The colonel was paunchy, red-faced, thinning gray hair. He raised his head and peered at Billy and Eli for a moment, then spoke. He was direct, curt, and it was obvious that he hated being there, hated the duty that required him to sit in judgment on thirteen of his own men, loathed the thought of entering an order that would put all thirteen of them before twenty-six men who would shoot them dead and bury them in unmarked, shallow graves.
“I’m Colonel Broderick, Fortieth Connecticut. Who are you?”
/> “Corporal Billy Weems, Boston Regiment, Company Nine.”
“Eli Stroud. Scout.”
Broderick looked at the Iroquois hunting shirt and the wolf skin moccasins, and his eyes fixed on the weapons belt with the ominous black tomahawk, and his forehead wrinkled. “Scout? What unit?”
“Same as Corporal Weems. Boston Regiment.”
Broderick cleared his throat and dropped a finger to a paper in front of him, then raised his head. “This court-martial was convened to hear the charge of desertion against these thirteen men. I’m told you two are the ones that brought them in. Am I correct?”

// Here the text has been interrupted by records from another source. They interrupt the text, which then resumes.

(* Let $G$ be a graph of order $n$ and let $(x_1,\ldots,x_n)$ be a unit eigenvector of the adjacency matrix of $G$ for the eigenvalue $\mu(G)$. If $u$ is a vertex with $x_u=\min\{x_1,\ldots,x_n\}$, then \[ \mu(G-u)\geq\mu(G)\,\frac{1-2x_u^2}{1-x_u^2}. \]
   Context: All graphs are finite and simple; $\mu(G)$ denotes the largest eigenvalue of the adjacency matrix of $G$; $G-u$ is the graph obtained from $G$ by deleting the vertex $u$; the eigenvector is indexed by the vertices of $G$. *)

theory Defs
  imports Complex_Main
begin

text \<open>A finite simple graph: finite vertex set V and an edge relation E that is
  symmetric and irreflexive on V.  Edges outside V are ignored.\<close>
definition simple_graph :: "'a set \<Rightarrow> ('a \<Rightarrow> 'a \<Rightarrow> bool) \<Rightarrow> bool" where
  "simple_graph V E \<longleftrightarrow> finite V \<and> (\<forall>u\<in>V. \<forall>v\<in>V. E u v = E v u) \<and> (\<forall>v\<in>V. \<not> E v v)"

definition adj :: "('a \<Rightarrow> 'a \<Rightarrow> bool) \<Rightarrow> 'a \<Rightarrow> 'a \<Rightarrow> real" where
  "adj E u v = (if E u v then 1 else 0)"

definition is_eigenpair :: "'a set \<Rightarrow> ('a \<Rightarrow> 'a \<Rightarrow> bool) \<Rightarrow> real \<Rightarrow> ('a \<Rightarrow> real) \<Rightarrow> bool" where
  "is_eigenpair V E lam x \<longleftrightarrow>
     (\<exists>v\<in>V. x v \<noteq> 0) \<and> (\<forall>v\<in>V. (\<Sum>w\<in>V. adj E v w * x w) = lam * x v)"

definition mu :: "'a set \<Rightarrow> ('a \<Rightarrow> 'a \<Rightarrow> bool) \<Rightarrow> real" where
  "mu V E = Max {lam. \<exists>x. is_eigenpair V E lam x}"

end

theory Submission
  imports Defs "HOL-Analysis.Function_Topology" "Jordan_Normal_Form.Spectral_Radius"
begin

text \<open>For the symmetric adjacency matrix \<open>A\<close> of a graph, \<open>\<mu>\<close> is the maximum of the
  Rayleigh quotient \<open>z\<^sup>T A z / z\<^sup>T z\<close>: a maximiser on the unit sphere exists by compactness,
  and the first variation of the quotient shows that it is an eigenvector.  Restricting the unit
  eigenvector \<open>x\<close> to \<open>V - {u}\<close> removes \<open>2 x\<^sub>u (A x)\<^sub>u = 2 \<mu> x\<^sub>u\<^sup>2\<close> from the quadratic form
  and \<open>x\<^sub>u\<^sup>2\<close> from the squared norm, so the Rayleigh quotient of \<open>G - u\<close> at this vector is
  \<open>\<mu> (1 - 2 x\<^sub>u\<^sup>2) / (1 - x\<^sub>u\<^sup>2)\<close>.\<close>

definition quad_form :: "'a set \<Rightarrow> ('a \<Rightarrow> 'a \<Rightarrow> bool) \<Rightarrow> ('a \<Rightarrow> real) \<Rightarrow> real" where
  "quad_form W E y = (\<Sum>v\<in>W. \<Sum>w\<in>W. adj E v w * y v * y w)"

definition sq_norm :: "'a set \<Rightarrow> ('a \<Rightarrow> real) \<Rightarrow> real" where
  "sq_norm W y = (\<Sum>v\<in>W. (y v)\<^sup>2)"

lemma sq_norm_nonneg: "0 \<le> sq_norm W y"
  unfolding sq_norm_def by (simp add: sum_nonneg)

lemma sq_norm_eq_0_iff:
  assumes "finite W"
  shows "sq_norm W y = 0 \<longleftrightarrow> (\<forall>v\<in>W. y v = 0)"
  unfolding sq_norm_def using assms by (simp add: sum_nonneg_eq_0_iff)

lemma sq_norm_ge_square:
  assumes "finite W" "v \<in> W"
  shows "(y v)\<^sup>2 \<le> sq_norm W y"
  unfolding sq_norm_def using assms by (intro member_le_sum) auto

lemma sq_norm_scale: "sq_norm W (\<lambda>v. c * y v) = c\<^sup>2 * sq_norm W y"
  unfolding sq_norm_def sum_distrib_left by (simp add: power_mult_distrib)

lemma quad_form_scale: "quad_form W E (\<lambda>v. c * y v) = c\<^sup>2 * quad_form W E y"
  unfolding quad_form_def sum_distrib_left by (intro sum.cong refl) (simp add: power2_eq_square mult_ac)

lemma sq_norm_restrict: "sq_norm W (restrict y W) = sq_norm W y"
  unfolding sq_norm_def by (intro sum.cong) auto

lemma quad_form_restrict: "quad_form W E (restrict y W) = quad_form W E y"
  unfolding quad_form_def by (intro sum.cong) auto

lemma sq_norm_indicator:
  assumes "finite W" "w \<in> W"
  shows "sq_norm W (\<lambda>v. if v = w then 1 else 0) = 1"
proof -
  have "sq_norm W (\<lambda>v. if v = w then 1 else 0) = (\<Sum>v\<in>W. if v = w then 1 else 0)"
    unfolding sq_norm_def by (intro sum.cong refl) simp
  then show ?thesis using assms by simp
qed

lemma quad_form_indicator:
  assumes "finite W" "w \<in> W"
  shows "quad_form W E (\<lambda>v. if v = w then 1 else 0) = adj E w w"
proof -
  have "quad_form W E (\<lambda>v. if v = w then 1 else 0) = (\<Sum>v\<in>W. if v = w then adj E w w else 0)"
    unfolding quad_form_def
  proof (intro sum.cong refl)
    fix v
    show "(\<Sum>w'\<in>W. adj E v w' * (if v = w then 1 else 0) * (if w' = w then 1 else 0))
        = (if v = w then adj E w w else 0)"
      using assms by (cases "v = w") (simp_all add: if_distrib[of "\<lambda>c. adj E w _ * c"] cong: if_cong)
  qed
  then show ?thesis using assms by simp
qed

lemma sq_norm_add_expansion:
  "sq_norm W (\<lambda>v. y v + t * r v) = sq_norm W y + 2 * t * (\<Sum>v\<in>W. r v * y v) + t\<^sup>2 * sq_norm W r"
  unfolding sq_norm_def sum_distrib_left sum.distrib[symmetric]
  by (intro sum.cong refl) (simp add: algebra_simps power2_eq_square)

lemma quad_form_add_expansion:
  assumes "\<forall>v\<in>W. \<forall>w\<in>W. E v w = E w v"
  shows "quad_form W E (\<lambda>v. y v + t * r v)
       = quad_form W E y + 2 * t * (\<Sum>v\<in>W. r v * (\<Sum>w\<in>W. adj E v w * y w)) + t\<^sup>2 * quad_form W E r"
proof -
  have swap: "(\<Sum>v\<in>W. \<Sum>w\<in>W. adj E v w * y v * r w) = (\<Sum>v\<in>W. \<Sum>w\<in>W. adj E v w * r v * y w)"
    using assms by (subst sum.swap) (intro sum.cong refl, simp add: adj_def)
  have "quad_form W E (\<lambda>v. y v + t * r v) = (\<Sum>v\<in>W. \<Sum>w\<in>W. adj E v w * y v * y w
      + t * (adj E v w * r v * y w) + t * (adj E v w * y v * r w) + t\<^sup>2 * (adj E v w * r v * r w))"
    unfolding quad_form_def by (intro sum.cong refl) (simp add: algebra_simps power2_eq_square)
  also have "\<dots> = quad_form W E y + t * (\<Sum>v\<in>W. \<Sum>w\<in>W. adj E v w * r v * y w)
      + t * (\<Sum>v\<in>W. \<Sum>w\<in>W. adj E v w * y v * r w) + t\<^sup>2 * quad_form W E r"
    unfolding quad_form_def by (simp only: sum.distrib sum_distrib_left[symmetric])
  also have "(\<Sum>v\<in>W. \<Sum>w\<in>W. adj E v w * r v * y w) = (\<Sum>v\<in>W. r v * (\<Sum>w\<in>W. adj E v w * y w))"
    unfolding sum_distrib_left by (intro sum.cong refl) (simp add: mult_ac)
  finally show ?thesis unfolding swap by (simp add: sum_distrib_left mult_ac)
qed

lemma quad_form_eigenpair:
  assumes "is_eigenpair V E lam x"
  shows "quad_form V E x = lam * sq_norm V x"
proof -
  have "quad_form V E x = (\<Sum>v\<in>V. x v * (\<Sum>w\<in>V. adj E v w * x w))"
    unfolding quad_form_def sum_distrib_left by (intro sum.cong refl) (simp add: mult_ac)
  also have "\<dots> = (\<Sum>v\<in>V. lam * (x v)\<^sup>2)"
    using assms unfolding is_eigenpair_def by (intro sum.cong refl) (simp add: power2_eq_square mult_ac)
  finally show ?thesis by (simp add: sq_norm_def sum_distrib_left)
qed

lemma quad_form_remove_vertex:
  assumes "finite V" "u \<in> V" "\<forall>v\<in>V. E v u = E u v" "\<not> E u u"
  shows "quad_form V E x = quad_form (V - {u}) E x + 2 * x u * (\<Sum>w\<in>V - {u}. adj E u w * x w)"
proof -
  define W where "W = V - {u}"
  have fin: "finite W" and V: "V = insert u W" "u \<notin> W" using assms(1,2) by (auto simp: W_def)
  have col: "(\<Sum>v\<in>W. adj E v u * x v * x u) = x u * (\<Sum>w\<in>W. adj E u w * x w)"
    unfolding sum_distrib_left using assms(3) V by (intro sum.cong refl) (auto simp: adj_def)
  have row: "(\<Sum>w\<in>W. adj E u w * x u * x w) = x u * (\<Sum>w\<in>W. adj E u w * x w)"
    unfolding sum_distrib_left by (intro sum.cong refl) (simp add: mult_ac)
  have "quad_form V E x = (adj E u u * x u * x u + (\<Sum>w\<in>W. adj E u w * x u * x w))
      + ((\<Sum>v\<in>W. adj E v u * x v * x u) + quad_form W E x)"
    unfolding quad_form_def V(1) sum.insert[OF fin V(2)] sum.distrib by (simp only: ac_simps)
  then show ?thesis using assms(4) col row unfolding W_def by (simp add: adj_def)
qed

lemma sq_norm_remove_vertex:
  assumes "finite V" "u \<in> V"
  shows "sq_norm (V - {u}) x = sq_norm V x - (x u)\<^sup>2"
  unfolding sq_norm_def using assms by (simp add: sum.remove)

lemma quad_form_eigenpair_remove_vertex:
  assumes "simple_graph V E" "is_eigenpair V E lam x" "u \<in> V"
  shows "quad_form (V - {u}) E x = lam * (sq_norm V x - 2 * (x u)\<^sup>2)"
proof -
  have fin: "finite V" and sym: "\<forall>v\<in>V. E v u = E u v" and irr: "\<not> E u u"
    using assms(1,3) unfolding simple_graph_def by auto
  have "(\<Sum>w\<in>V. adj E u w * x w) = lam * x u"
    using assms(2,3) unfolding is_eigenpair_def by blast
  then have row: "(\<Sum>w\<in>V - {u}. adj E u w * x w) = lam * x u"
    using fin assms(3) irr by (simp add: sum.remove adj_def)
  have "quad_form (V - {u}) E x = quad_form V E x - 2 * x u * (\<Sum>w\<in>V - {u}. adj E u w * x w)"
    using quad_form_remove_vertex[OF fin assms(3) sym irr, of x] by simp
  also have "\<dots> = lam * (sq_norm V x - 2 * (x u)\<^sup>2)"
    unfolding quad_form_eigenpair[OF assms(2)] row by (simp add: algebra_simps power2_eq_square)
  finally show ?thesis .
qed

definition adj_mat :: "('a \<Rightarrow> 'a \<Rightarrow> bool) \<Rightarrow> 'a list \<Rightarrow> real mat" where
  "adj_mat E ws = mat (length ws) (length ws) (\<lambda>(i, j). adj E (ws ! i) (ws ! j))"

lemma eigenpair_imp_eigenvalue_adj_mat:
  assumes ws: "distinct ws" "set ws = W" and eig: "is_eigenpair W E lam x"
  shows "eigenvalue (adj_mat E ws) lam"
proof -
  define n where "n = length ws"
  define A where "A = adj_mat E ws"
  define xv where "xv = vec n (\<lambda>i. x (ws ! i))"
  have A: "A \<in> carrier_mat n n" unfolding A_def adj_mat_def n_def by simp
  have reindex: "(\<Sum>j<n. g (ws ! j)) = (\<Sum>w\<in>W. g w)" for g :: "'a \<Rightarrow> real"
    using sum.reindex_bij_betw[OF bij_betw_nth[OF ws(1) refl ws(2)[symmetric]]] n_def by simp
  obtain v where v: "v \<in> W" "x v \<noteq> 0" using eig unfolding is_eigenpair_def by blast
  then obtain i where "i < n" "ws ! i = v" using ws n_def by (metis in_set_conv_nth)
  then have "xv $ i \<noteq> 0" using v by (simp add: xv_def)
  then have "xv \<noteq> 0\<^sub>v n" using \<open>i < n\<close> by auto
  moreover have "A *\<^sub>v xv = lam \<cdot>\<^sub>v xv"
  proof (rule eq_vecI)
    fix i assume "i < dim_vec (lam \<cdot>\<^sub>v xv)"
    then have i: "i < n" by (simp add: xv_def)
    have "(A *\<^sub>v xv) $ i = (\<Sum>w\<in>W. adj E (ws ! i) w * x w)"
      using i A unfolding A_def adj_mat_def xv_def n_def[symmetric] reindex[symmetric]
      by (simp add: scalar_prod_def atLeast0LessThan)
    also have "\<dots> = lam * x (ws ! i)" using eig i ws n_def unfolding is_eigenpair_def by (metis nth_mem)
    finally show "(A *\<^sub>v xv) $ i = (lam \<cdot>\<^sub>v xv) $ i" using i by (simp add: xv_def)
  qed (use A in \<open>simp add: xv_def\<close>)
  ultimately have "eigenvector A xv lam"
    using A unfolding eigenvector_def by (simp add: xv_def)
  then show ?thesis unfolding eigenvalue_def A_def by blast
qed

lemma finite_eigenvalues:
  assumes "finite W"
  shows "finite {lam. \<exists>x. is_eigenpair W E lam x}"
proof -
  obtain ws where ws: "distinct ws" "set ws = W" using finite_distinct_list[OF assms] by blast
  have "{lam. \<exists>x. is_eigenpair W E lam x} \<subseteq> spectrum (adj_mat E ws)"
    using eigenpair_imp_eigenvalue_adj_mat[OF ws] unfolding spectrum_def by blast
  moreover have "adj_mat E ws \<in> carrier_mat (length ws) (length ws)" by (simp add: adj_mat_def)
  ultimately show ?thesis using card_finite_spectrum(1) finite_subset by blast
qed

lemma eigenvalue_le_mu:
  assumes "finite W" "is_eigenpair W E lam x"
  shows "lam \<le> mu W E"
  unfolding mu_def using assms finite_eigenvalues[OF assms(1), of E] by (intro Max_ge) auto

A hush fell over the room as everyone stared at Billy and Eli, waiting, and Billy answered. “Yes, sir.”
“Last night?”
“Yes, sir.”
“All right. Start at the beginning and tell me the story.”
“Not much to tell. At dusk I saw movement in the trees to the south. Eli went after them and I followed in a few minutes. He got ahead of them and stopped them, and I came in behind. They didn’t fight. We brought them back.” Billy shrugged. “That’s all.”
There was a moment of silence before Broderick spoke again. “You’re saying the two of you braced thirteen men in the dark? Thirteen deserters who knew they could be shot? And there was no trouble? No one tried to escape? fight? Did they have weapons among them?”
“Yes, sir. Ten muskets, eight with bayonets. We brought them back with us.”
“Food?”
“A little in knapsacks. They ate it back in camp while we were waiting for the Connecticut officers to come get them.”
“Did they know there were just two of you?”
“Yes, sir.”
“How?”
“We told them.”
“What else did you tell them?”
“That if they tried to escape or fight, the first man down would be their leader.” Billy turned his head to look at them. “I believe his name was Pratt. Bertram Pratt. We told them that after he was down we would take them as they came. I led them back to camp with Eli at their rear with his rifle in the middle of Pratt’s back. They didn’t fight.”